When we first learned of the impending absorption of the academy, I had made the comment to Ryan that it was really mostly unfair to the children. Most children crave stability, and require it to thrive, and forcing two massive changes in less than a year – including changes to everything from curriculum and physical location to teaching staff and curriculum – was essentially going to prove  psychologically traumatic for them.  I mentioned the names of several timid and behaviorally challenging elementary-schoolers as case-in-point.  Some of them had taken several months to get over the shift away from the Tomorrow School.
The ER2 students comments, today, confirmed that these students are neither ignorant of what’s going on, nor are they in any way neutral observers:  they clearly have strong opinions and feelings about it, and I suspect very little attention will be paid them.

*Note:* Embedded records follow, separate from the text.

(* Let $\mathcal G=(G_n)$ be an expander sequence and let $I_t=I_t^{(pp)}$ for push\&pull on $G_n$ with transmission success probability $q\in(0,1]$, $U_t=V\setminus I_t$. (a) Let $|I_t|\le n/\log n$. Then $\mathbb E_t[|I_{t+1}\setminus I_t|]=(2q+o(1))|I_t|$. (b) Let $|U_t|\le n/\log n$. Then $\mathbb E_t[|U_{t+1}|]=(1+o(1))e^{-q}(1-q)|U_t|$.
   Context: push\&pull protocol: in each synchronous round every vertex chooses a neighbour independently and uniformly at random; an informed vertex informs its chosen neighbour (push) and an uninformed vertex that chose an informed neighbour becomes informed (pull), each such transmission succeeding independently with probability $q$. $I_t$ is the set of vertices informed at the beginning of round $t$ and $\mathbb E_t$ is expectation conditional on $I_t$. An expander sequence is a sequence $(G_n)$ of connected graphs, $G_n$ on $n$ vertices with minimum degree $\delta_n$, maximum degree $\Delta_n$, and $\lambda_n=\max\{|\mu_2|,|\mu_n|\}$ (adjacency eigenvalues), with $\Delta_n/\delta_n=1+o(1)$ and $\lambda_n=o(\Delta_n)$. Asymptotics as $n\to\infty$; natural log. *)

theory Defs
  imports "HOL-Probability.Probability" "Jordan_Normal_Form.Char_Poly"
begin

definition simple_graph_on :: "nat \<Rightarrow> (nat \<Rightarrow> nat \<Rightarrow> bool) \<Rightarrow> bool" where
  "simple_graph_on n E \<longleftrightarrow>
     (\<forall>u v. E u v \<longrightarrow> u < n \<and> v < n) \<and> (\<forall>u v. E u v \<longrightarrow> E v u) \<and> (\<forall>v. \<not> E v v)"

definition connected_graph_on :: "nat \<Rightarrow> (nat \<Rightarrow> nat \<Rightarrow> bool) \<Rightarrow> bool" where
  "connected_graph_on n E \<longleftrightarrow> simple_graph_on n E \<and> 0 < n \<and>
     (\<forall>u<n. \<forall>v<n. E\<^sup>*\<^sup>* u v)"

definition nbrs :: "(nat \<Rightarrow> nat \<Rightarrow> bool) \<Rightarrow> nat \<Rightarrow> nat set" where
  "nbrs E v = {u. E v u}"

definition degree :: "(nat \<Rightarrow> nat \<Rightarrow> bool) \<Rightarrow> nat \<Rightarrow> nat" where
  "degree E v = card (nbrs E v)"

definition min_degree :: "nat \<Rightarrow> (nat \<Rightarrow> nat \<Rightarrow> bool) \<Rightarrow> nat" where
  "min_degree n E = Min (degree E ` {0..<n})"

definition max_degree :: "nat \<Rightarrow> (nat \<Rightarrow> nat \<Rightarrow> bool) \<Rightarrow> nat" where
  "max_degree n E = Max (degree E ` {0..<n})"

definition adj_matrix :: "nat \<Rightarrow> (nat \<Rightarrow> nat \<Rightarrow> bool) \<Rightarrow> real mat" where
  "adj_matrix n E = mat n n (\<lambda>(i, j). if E i j then 1 else 0)"

text \<open>Adjacency eigenvalues (with multiplicity) in non-increasing order
  mu_1 >= mu_2 >= ... >= mu_n; the list is indexed from 0.\<close>
definition adj_eigenvalues :: "nat \<Rightarrow> (nat \<Rightarrow> nat \<Rightarrow> bool) \<Rightarrow> real list" where
  "adj_eigenvalues n E = rev (sorted_list_of_multiset (proots (char_poly (adj_matrix n E))))"

definition second_eig :: "nat \<Rightarrow> (nat \<Rightarrow> nat \<Rightarrow> bool) \<Rightarrow> real" where
  "second_eig n E = max \<bar>adj_eigenvalues n E ! 1\<bar> \<bar>adj_eigenvalues n E ! (n - 1)\<bar>"

definition expander_seq :: "(nat \<Rightarrow> nat \<Rightarrow> nat \<Rightarrow> bool) \<Rightarrow> bool" where
  "expander_seq G \<longleftrightarrow>
     (\<forall>n>0. connected_graph_on n (G n)) \<and>
     ((\<lambda>n. real (max_degree n (G n)) / real (min_degree n (G n))) \<longlonglongrightarrow> 1) \<and>
     ((\<lambda>n. second_eig n (G n) / real (max_degree n (G n))) \<longlonglongrightarrow> 0)"

text \<open>Every vertex v < n independently picks a uniformly random
  neighbour (first component) and an independent success coin with probability q
  (second component) governing the transmission along its chosen edge.\<close>
definition pp_choices :: "nat \<Rightarrow> (nat \<Rightarrow> nat \<Rightarrow> bool) \<Rightarrow> real \<Rightarrow> (nat \<Rightarrow> nat \<times> bool) pmf" where
  "pp_choices n E q = Pi_pmf {0..<n} (0, False)
     (\<lambda>v. pair_pmf (pmf_of_set (nbrs E v)) (bernoulli_pmf q))"

definition pp_step :: "nat \<Rightarrow> nat set \<Rightarrow> (nat \<Rightarrow> nat \<times> bool) \<Rightarrow> nat set" where
  "pp_step n I \<omega> = I \<union> {u \<in> {0..<n} - I.
      (fst (\<omega> u) \<in> I \<and> snd (\<omega> u)) \<or>
      (\<exists>v\<in>I. fst (\<omega> v) = u \<and> snd (\<omega> v))}"

text \<open>Distribution of I_{t+1} given I_t = I.\<close>
definition pp_next :: "nat \<Rightarrow> (nat \<Rightarrow> nat \<Rightarrow> bool) \<Rightarrow> real \<Rightarrow> nat set \<Rightarrow> nat set pmf" where
  "pp_next n E q I = map_pmf (pp_step n I) (pp_choices n E q)"

end

theory Submission
  imports Defs "Jordan_Normal_Form.Schur_Decomposition"
begin

text \<open>
  Let \<open>U\<close> be the uninformed set and, for a vertex \<open>u\<close>, let \<open>k\<^sub>u\<close> and \<open>m\<^sub>u\<close> count its
  neighbours in \<open>I\<close> and in \<open>U\<close>. By independence of the choices, \<open>u \<in> U\<close> stays uninformed
  with probability \<open>(1 - q k\<^sub>u / d\<^sub>u) \<Prod>\<^bsub>v \<in> I \<inter> N(u)\<^esub> (1 - q / d\<^sub>v)\<close>.

  (a) Linearising the product, the expected number of newly informed vertices is
  \<open>\<Sum>\<^bsub>u\<in>U\<^esub> (q k\<^sub>u / d\<^sub>u + \<Sum>\<^bsub>v \<in> I \<inter> N(u)\<^esub> q / d\<^sub>v)\<close> up to \<open>O(\<Sum> k\<^sub>u\<^sup>2 / \<delta>\<^sup>2)\<close>, and
  double counting the edges between \<open>I\<close> and \<open>U\<close> turns both sums into \<open>q |I|\<close> up to
  \<open>O((\<Delta>/\<delta> - 1) |I| + \<Sum>\<^bsub>v\<in>I\<^esub> k\<^sub>v / \<delta>)\<close>.
  (b) For \<open>u \<in> U\<close> the staying probability is \<open>(1 - q) \<Prod>\<^bsub>v \<in> N(u)\<^esub> (1 - q / d\<^sub>v)\<close> up to
  \<open>O(m\<^sub>u / \<delta>)\<close>, and the full product lies between \<open>(1 - q/\<delta>)\<^sup>\<Delta>\<close> and \<open>(1 - q/\<Delta>)\<^sup>\<delta>\<close>,
  which both tend to \<open>e\<^sup>-\<^sup>q\<close> because \<open>\<delta> \<rightarrow> \<infinity>\<close> and \<open>\<Delta>/\<delta> \<rightarrow> 1\<close>.

  All error terms are controlled by \<open>\<Sum>\<^sub>i |N(i) \<inter> S|\<^sup>2\<close> for the small side \<open>S\<close> (\<open>I\<close> or \<open>U\<close>).
  Expanding the indicator of \<open>S\<close> in an orthonormal eigenbasis of the adjacency matrix bounds
  this by \<open>\<Delta>\<^sup>2 c\<^sub>0\<^sup>2 + \<lambda>\<^sup>2 |S|\<close>, where \<open>c\<^sub>0\<close> is the coefficient on the top eigenvector; a spectral
  gap forces that eigenvector to be nearly constant, so \<open>c\<^sub>0\<^sup>2 = O(|S| (\<Delta> - \<delta>)/(\<Delta> - \<lambda>) + |S|\<^sup>2/n)\<close>.
  For \<open>|S| \<le> n / ln n\<close> this is \<open>o(\<Delta>\<^sup>2 |S|)\<close>.
\<close>

no_notation Finite_Cartesian_Product.vec_nth (infixl "$" 90)

section \<open>Spectral theorem for real symmetric matrices\<close>

lemma symmetric_mat_entry:
  assumes "A \<in> carrier_mat n n" "transpose_mat A = A" "i < n" "j < n"
  shows "A $$ (i, j) = A $$ (j, i)"
  by (metis assms index_transpose_mat(1) carrier_matD)
lemma weighted_projection_Hmat:
  fixes W :: "real^'n^'n" and S :: "real^'t^'n"
  assumes "sym_pos_def W"
  shows "weighted_projection W (matrix_inv W) (Hmat W S)"
proof
  show symW: "transpose W = W"
    using assms by (simp add: sym_pos_def_def)
  show "W ** matrix_inv W = mat 1" "matrix_inv W ** W = mat 1"
    using sym_pos_def_matrix_inv[OF assms] by auto
  define A where "A = transpose S ** W ** S"
  have "transpose A = A"
    by (simp add: A_def matrix_transpose_mul symW matrix_mul_assoc)
  note pinv_A = pinv_symmetric[OF this]
  have H: "Hmat W S = S ** pinv A ** transpose S"
    by (simp add: Hmat_def A_def)
  show "transpose (Hmat W S) = Hmat W S"
    unfolding H using pinv_A(2) by (simp add: matrix_transpose_mul matrix_mul_assoc)
  have "Hmat W S ** W ** Hmat W S = S ** (pinv A ** A ** pinv A) ** transpose S"
    unfolding H A_def by (simp add: matrix_mul_assoc)
  also have "\<dots> = Hmat W S"
    using pinv_A(1) by (simp add: is_pinv_def H)
  finally show "Hmat W S ** W ** Hmat W S = Hmat W S" .
qed

lemma wnormsq_Pimat_pythagoras:
  "sym_pos_def W \<Longrightarrow> wnormsq (matrix_inv W) (M ** (mat 1 - Pimat W S) + N ** Pimat W S)
    = wnormsq (matrix_inv W) (M ** (mat 1 - Pimat W S)) + wnormsq (matrix_inv W) (N ** Pimat W S)"
  unfolding Pimat_eq_Hmat_mult
  by (rule weighted_projection.wnormsq_pythagoras[OF weighted_projection_Hmat])

lemma wnormsq_Pimat: "sym_pos_def W \<Longrightarrow> wnormsq (matrix_inv W) (N ** Pimat W S) = wnormsq (Hmat W S) N"
  unfolding Pimat_eq_Hmat_mult
  by (rule weighted_projection.wnormsq_projection[OF weighted_projection_Hmat])
(* Let $\prec$ be a monomial order on $\langle x,x^*\rangle$ and let $I\subseteq\mathbb F\langle x,x^*\rangle$ be a $*$-ideal generated (as a $*$-ideal) by some nonzero analytic polynomials. Then the reduced Gröbner basis of $I$ with respect to $\prec$ is of the form $G\cup H^*$, where $G$ and $H$ consist entirely of analytic polynomials (and $H^*=\{h^*:h\in H\}$).
   Context: $\mathbb F\in\{\mathbb R,\mathbb C\}$. $\langle x,x^*\rangle$ is the free monoid of words in the letters $x_1,\dots,x_g,x_1^*,\dots,x_g^*$, and $\mathbb F\langle x,x^*\rangle$ the free $*$-algebra of polynomials in these letters (involution conjugates coefficients, reverses words, swaps $x_j\leftrightarrow x_j^*$). A polynomial is analytic if it contains no letter $x_j^*$. A $*$-ideal is a two-sided ideal with $I^*=I$. A monomial order is a total order $\prec$ on $\langle x,x^*\rangle$ that is a well-ordering and satisfies $a\prec b\Rightarrow ca\prec cb$ and $ac\prec bc$ for all words $c$. For nonzero $p=\sum_{i=1}^s c_it_i$ with $c_i\ne0$ and words $t_1\succ\dots\succ t_s$, $T(p)=t_1$ is the leading monomial and $c_1$ the leading coefficient; $p$ is monic if $c_1=1$. A word $a$ divides $b$ if $b=cad$ for words $c,d$. A reduced Gröbner basis of a two-sided ideal $I$ is a set $G\subseteq I$ such that: for each nonzero $f\in I$ some $g\in G$ has $T(g)$ dividing $T(f)$; every element of $G$ is monic; and for distinct $g_1,g_2\in G$, $T(g_1)$ divides no word appearing in $g_2$. Every two-sided ideal has a unique reduced Gröbner basis. *)

theory Defs
  imports Complex_Main
begin

text \<open>Letters of the free *-monoid: (v, False) is x_v, (v, True) is x_v^*.
  The variable type 'v is finite (the g variables). Words are lists of letters.\<close>

type_synonym 'v word = "('v \<times> bool) list"

definition supp :: "('v word \<Rightarrow> 'a::zero) \<Rightarrow> 'v word set" where
  "supp p = {w. p w \<noteq> 0}"

definition polys :: "('v word \<Rightarrow> 'a::zero) set" where
  "polys = {p. finite (supp p)}"

definition pzero :: "'v word \<Rightarrow> 'a::zero" where
  "pzero = (\<lambda>w. 0)"

definition padd :: "('v word \<Rightarrow> 'a::plus) \<Rightarrow> ('v word \<Rightarrow> 'a) \<Rightarrow> 'v word \<Rightarrow> 'a" where
  "padd p q = (\<lambda>w. p w + q w)"

definition pmult :: "('v word \<Rightarrow> 'a::comm_ring_1) \<Rightarrow> ('v word \<Rightarrow> 'a) \<Rightarrow> 'v word \<Rightarrow> 'a" where
  "pmult p q = (\<lambda>w. \<Sum>(u, v) \<in> {(u, v). u @ v = w}. p u * q v)"

definition star_letter :: "'v \<times> bool \<Rightarrow> 'v \<times> bool" where
  "star_letter l = (fst l, \<not> snd l)"

definition wstar :: "'v word \<Rightarrow> 'v word" where
  "wstar w = rev (map star_letter w)"

definition pstar :: "('a \<Rightarrow> 'a) \<Rightarrow> ('v word \<Rightarrow> 'a) \<Rightarrow> 'v word \<Rightarrow> 'a" where
  "pstar cj p = (\<lambda>w. cj (p (wstar w)))"

definition is_ideal :: "('v word \<Rightarrow> 'a::comm_ring_1) set \<Rightarrow> bool" where
  "is_ideal I \<longleftrightarrow> I \<subseteq> polys \<and> pzero \<in> I \<and>
     (\<forall>p\<in>I. \<forall>q\<in>I. padd p q \<in> I) \<and>
     (\<forall>p\<in>I. \<forall>a\<in>polys. \<forall>b\<in>polys. pmult (pmult a p) b \<in> I)"

definition is_star_ideal :: "('a \<Rightarrow> 'a) \<Rightarrow> ('v word \<Rightarrow> 'a::comm_ring_1) set \<Rightarrow> bool" where
  "is_star_ideal cj I \<longleftrightarrow> is_ideal I \<and> pstar cj ` I \<subseteq> I"

definition star_ideal_generated ::
  "('a \<Rightarrow> 'a) \<Rightarrow> ('v word \<Rightarrow> 'a::comm_ring_1) set \<Rightarrow> ('v word \<Rightarrow> 'a) set" where
  "star_ideal_generated cj S = \<Inter> {I. is_star_ideal cj I \<and> S \<subseteq> I}"

definition analytic_poly :: "('v word \<Rightarrow> 'a::zero) \<Rightarrow> bool" where
  "analytic_poly p \<longleftrightarrow> (\<forall>w\<in>supp p. \<forall>l\<in>set w. \<not> snd l)"

definition monomial_order :: "('v word \<Rightarrow> 'v word \<Rightarrow> bool) \<Rightarrow> bool" where
  "monomial_order lt \<longleftrightarrow>
     (\<forall>a. \<not> lt a a) \<and>
     (\<forall>a b c. lt a b \<longrightarrow> lt b c \<longrightarrow> lt a c) \<and>
     (\<forall>a b. a \<noteq> b \<longrightarrow> lt a b \<or> lt b a) \<and>
     wfP lt \<and>
     (\<forall>a b c. lt a b \<longrightarrow> lt (c @ a) (c @ b) \<and> lt (a @ c) (b @ c))"

definition lm :: "('v word \<Rightarrow> 'v word \<Rightarrow> bool) \<Rightarrow> ('v word \<Rightarrow> 'a::zero) \<Rightarrow> 'v word" where
  "lm lt p = (THE t. t \<in> supp p \<and> (\<forall>s\<in>supp p. s \<noteq> t \<longrightarrow> lt s t))"

definition monic :: "('v word \<Rightarrow> 'v word \<Rightarrow> bool) \<Rightarrow> ('v word \<Rightarrow> 'a::{zero,one}) \<Rightarrow> bool" where
  "monic lt p \<longleftrightarrow> p \<noteq> pzero \<and> p (lm lt p) = 1"

definition word_dvd :: "'v word \<Rightarrow> 'v word \<Rightarrow> bool" where
  "word_dvd a b \<longleftrightarrow> (\<exists>c d. b = c @ a @ d)"

definition reduced_groebner_basis ::
  "('v word \<Rightarrow> 'v word \<Rightarrow> bool) \<Rightarrow> ('v word \<Rightarrow> 'a::comm_ring_1) set \<Rightarrow> ('v word \<Rightarrow> 'a) set \<Rightarrow> bool" where
  "reduced_groebner_basis lt I G \<longleftrightarrow>
     G \<subseteq> I \<and>
     (\<forall>f\<in>I. f \<noteq> pzero \<longrightarrow> (\<exists>g\<in>G. word_dvd (lm lt g) (lm lt f))) \<and>
     (\<forall>g\<in>G. monic lt g) \<and>
     (\<forall>g1\<in>G. \<forall>g2\<in>G. g1 \<noteq> g2 \<longrightarrow> (\<forall>w\<in>supp g2. \<not> word_dvd (lm lt g1) w))"

end

theory Submission
  imports Defs
begin

text \<open>The *-ideal \<open>I\<close> is generated by analytic polynomials and their adjoints, which are
  anti-analytic; call such polynomials pure. Call a word standard if it is not divisible by the
  leading word of any pure element of \<open>I\<close>. Modulo \<open>I\<close>, every pure word reduces to a combination
  of standard words of the same kind. With these normal forms the free algebra acts from the right
  on the span of the standard words: a letter only rewrites the longest tail of the word made of
  letters of its own kind. The generators act trivially, hence so does all of \<open>I\<close>, and acting on
  the empty word shows that no element of \<open>I\<close> has a standard leading word. Consequently every
  element \<open>g\<close> of the reduced Groebner basis has a pure leading word \<open>t\<close>, and \<open>g\<close> is \<open>t\<close> minus
  the normal form of \<open>t\<close>, a pure polynomial.\<close>

section \<open>Polynomials as finitely supported coefficient functions\<close>

definition pmonom :: "'v word \<Rightarrow> 'v word \<Rightarrow> 'a::{zero,one}" where
  "pmonom w = (\<lambda>u. if u = w then 1 else 0)"

definition pscale :: "'a::times \<Rightarrow> ('v word \<Rightarrow> 'a) \<Rightarrow> 'v word \<Rightarrow> 'a" where
  "pscale c f = (\<lambda>w. c * f w)"

definition psub :: "('v word \<Rightarrow> 'a::minus) \<Rightarrow> ('v word \<Rightarrow> 'a) \<Rightarrow> 'v word \<Rightarrow> 'a" where
  "psub p q = (\<lambda>w. p w - q w)"

definition lincomb ::
  "('v word \<Rightarrow> 'a::comm_ring_1) \<Rightarrow> ('v word \<Rightarrow> 'v word \<Rightarrow> 'a) \<Rightarrow> 'v word \<Rightarrow> 'a" where
  "lincomb f \<Psi> = (\<lambda>x. \<Sum>u\<in>supp f. f u * \<Psi> u x)"

lemma in_supp_iff: "w \<in> supp f \<longleftrightarrow> f w \<noteq> 0"
  by (simp add: supp_def)

lemma pzero_iff_supp_empty: "p = pzero \<longleftrightarrow> supp p = {}"
  by (auto simp: in_supp_iff pzero_def fun_eq_iff)

lemma supp_pzero [simp]: "supp pzero = {}"
  by (simp add: pzero_iff_supp_empty[symmetric])

lemma supp_pmonom: "supp (pmonom w :: _ \<Rightarrow> 'a::zero_neq_one) = {w}"
  by (auto simp: in_supp_iff pmonom_def split: if_splits)

lemma finite_supp_pmonom [simp]: "finite (supp (pmonom w :: _ \<Rightarrow> 'a::zero_neq_one))"
  by (simp add: supp_pmonom)

lemma pmonom_polys [simp]: "(pmonom w :: _ \<Rightarrow> 'a::zero_neq_one) \<in> polys"
  by (simp add: polys_def)

lemma supp_padd: "supp (padd f g :: _ \<Rightarrow> 'a::monoid_add) \<subseteq> supp f \<union> supp g"
  by (auto simp: in_supp_iff padd_def)

lemma supp_psub: "supp (psub f g :: _ \<Rightarrow> 'a::group_add) \<subseteq> supp f \<union> supp g"
  by (auto simp: in_supp_iff psub_def)

lemma supp_pscale: "supp (pscale c f :: _ \<Rightarrow> 'a::mult_zero) \<subseteq> supp f"
  by (auto simp: in_supp_iff pscale_def)

lemma finite_supp_padd:
  "finite (supp f) \<Longrightarrow> finite (supp g) \<Longrightarrow> finite (supp (padd f g :: _ \<Rightarrow> 'a::monoid_add))"
  by (meson finite_UnI finite_subset supp_padd)

lemma finite_supp_psub:
  "finite (supp f) \<Longrightarrow> finite (supp g) \<Longrightarrow> finite (supp (psub f g :: _ \<Rightarrow> 'a::group_add))"
  by (meson finite_UnI finite_subset supp_psub)

lemma finite_supp_pscale: "finite (supp f) \<Longrightarrow> finite (supp (pscale c f :: _ \<Rightarrow> 'a::mult_zero))"
  by (meson finite_subset supp_pscale)

lemma psub_pzero [simp]: "psub p pzero = (p :: _ \<Rightarrow> 'a::group_add)"
  by (simp add: psub_def pzero_def)

lemma psub_self [simp]: "psub p p = (pzero :: _ \<Rightarrow> 'a::group_add)"
  by (simp add: psub_def pzero_def)

lemma lincomb_eq_sum_superset:
  assumes "finite A" "supp f \<subseteq> A"
  shows "lincomb f \<Psi> x = (\<Sum>u\<in>A. f u * \<Psi> u x)"
  unfolding lincomb_def
  by (rule sum.mono_neutral_left) (use assms in \<open>auto simp: in_supp_iff\<close>)

lemma lincomb_padd:
  assumes "finite (supp f)" "finite (supp g)"
  shows "lincomb (padd f g) \<Psi> = padd (lincomb f \<Psi>) (lincomb g \<Psi>)"
proof
  fix x
  let ?A = "supp f \<union> supp g"
  have "finite ?A" using assms by simp
  then show "lincomb (padd f g) \<Psi> x = padd (lincomb f \<Psi>) (lincomb g \<Psi>) x"
    using supp_padd[of f g]
    by (simp add: lincomb_eq_sum_superset[of ?A] padd_def distrib_right sum.distrib)
qed

lemma lincomb_pscale:
  assumes "finite (supp f)"
  shows "lincomb (pscale c f) \<Psi> = pscale c (lincomb f \<Psi>)"
proof
  fix x
  show "lincomb (pscale c f) \<Psi> x = pscale c (lincomb f \<Psi>) x"
    using assms supp_pscale[of c f]
    by (simp add: lincomb_eq_sum_superset[of "supp f"] pscale_def sum_distrib_left mult.assoc)
qed

lemma lincomb_pmonom: "lincomb (pmonom w) \<Psi> = (\<Psi> w :: _ \<Rightarrow> 'a::comm_ring_1)"
  by (rule ext, subst lincomb_eq_sum_superset[of "{w}"]) (auto simp: in_supp_iff pmonom_def split: if_splits)

lemma lincomb_pmonom_right:
  assumes "finite (supp f)"
  shows "lincomb f pmonom = f"
proof
  fix x
  show "lincomb f pmonom x = f x"
    using assms
    by (cases "x \<in> supp f") (auto simp: lincomb_def pmonom_def if_distrib in_supp_iff
          cong: if_cong intro!: sum.neutral)
qed

lemma lincomb_pzero [simp]: "lincomb pzero \<Psi> = pzero"
  by (simp add: lincomb_def pzero_def)

lemma lincomb_cong: "(\<And>u. u \<in> supp f \<Longrightarrow> \<Psi> u = \<Phi> u) \<Longrightarrow> lincomb f \<Psi> = lincomb f \<Phi>"
  unfolding lincomb_def by (intro ext sum.cong) auto

lemma lincomb_eq_pzero: "(\<And>u. u \<in> supp f \<Longrightarrow> \<Psi> u = pzero) \<Longrightarrow> lincomb f \<Psi> = pzero"
  by (simp add: lincomb_def pzero_def)

lemma psub_lincomb: "psub (lincomb f \<Psi>) (lincomb f \<Phi>) = lincomb f (\<lambda>u. psub (\<Psi> u) (\<Phi> u))"
  by (simp add: psub_def lincomb_def sum_subtractf right_diff_distrib)

lemma supp_lincomb: "supp (lincomb f \<Psi>) \<subseteq> (\<Union>u\<in>supp f. supp (\<Psi> u))"
proof
  fix x assume "x \<in> supp (lincomb f \<Psi>)"
  then have "(\<Sum>u\<in>supp f. f u * \<Psi> u x) \<noteq> 0" by (simp add: in_supp_iff lincomb_def)
  then obtain u where "u \<in> supp f" "f u * \<Psi> u x \<noteq> 0" by (meson sum.neutral)
  then show "x \<in> (\<Union>u\<in>supp f. supp (\<Psi> u))" by (intro UN_I[of u]) (auto simp: in_supp_iff)
qed

lemma finite_supp_lincomb:
  assumes "finite (supp f)" "\<And>u. u \<in> supp f \<Longrightarrow> finite (supp (\<Psi> u))"
  shows "finite (supp (lincomb f \<Psi>))"
  using supp_lincomb[of f \<Psi>] assms by (meson finite_UN_I finite_subset)

lemma lincomb_lincomb:
  assumes "finite (supp f)" "\<And>u. u \<in> supp f \<Longrightarrow> finite (supp (\<Psi> u))"
  shows "lincomb (lincomb f \<Psi>) \<Theta> = lincomb f (\<lambda>u. lincomb (\<Psi> u) \<Theta>)"
proof
  fix x
  define A where "A = (\<Union>u\<in>supp f. supp (\<Psi> u))"
  have A: "finite A" using assms by (simp add: A_def)
  have "lincomb (lincomb f \<Psi>) \<Theta> x = (\<Sum>y\<in>A. \<Sum>u\<in>supp f. f u * \<Psi> u y * \<Theta> y x)"
    using A supp_lincomb[of f \<Psi>]
    by (simp add: lincomb_eq_sum_superset[of A] A_def) (simp add: lincomb_def sum_distrib_right)
  also have "\<dots> = (\<Sum>u\<in>supp f. f u * (\<Sum>y\<in>A. \<Psi> u y * \<Theta> y x))"
    by (subst sum.swap) (simp add: sum_distrib_left mult.assoc)
  also have "\<dots> = lincomb f (\<lambda>u. lincomb (\<Psi> u) \<Theta>) x"
  proof -
    have "lincomb (\<Psi> u) \<Theta> x = (\<Sum>y\<in>A. \<Psi> u y * \<Theta> y x)" if "u \<in> supp f" for u
      by (rule lincomb_eq_sum_superset) (use A that in \<open>auto simp: A_def\<close>)
    then show ?thesis by (simp add: lincomb_def)
  qed
  finally show "lincomb (lincomb f \<Psi>) \<Theta> x = lincomb f (\<lambda>u. lincomb (\<Psi> u) \<Theta>) x" .
qed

Footnote, RE my practice of “round-trip-romanizing.” Most of these English academies (어학원=EoHagWon), here, have English-based names, naturally.  But in most internal documentation, and even in advertising literature, these English-based names are hangeulized (konglishified, i.e. rendered in the Korean alphabet).  If you re-romanize the resulting hangeul following the official hangeul-to-roman rules, you get something that is generally unrecognizable as English at all, and in any event no longer recognizable as the original English names of the academies in question.
An example. Let’s say I have an academy called Happy School. I can hangeulize this as 해피스쿨, and then re-romanize this to HaePiSeuKul. See? It renders the name of the school “anonymous” to search engines, which are not in the least sophisticated when it comes to questions of inter-alphabetic transliterations. I think.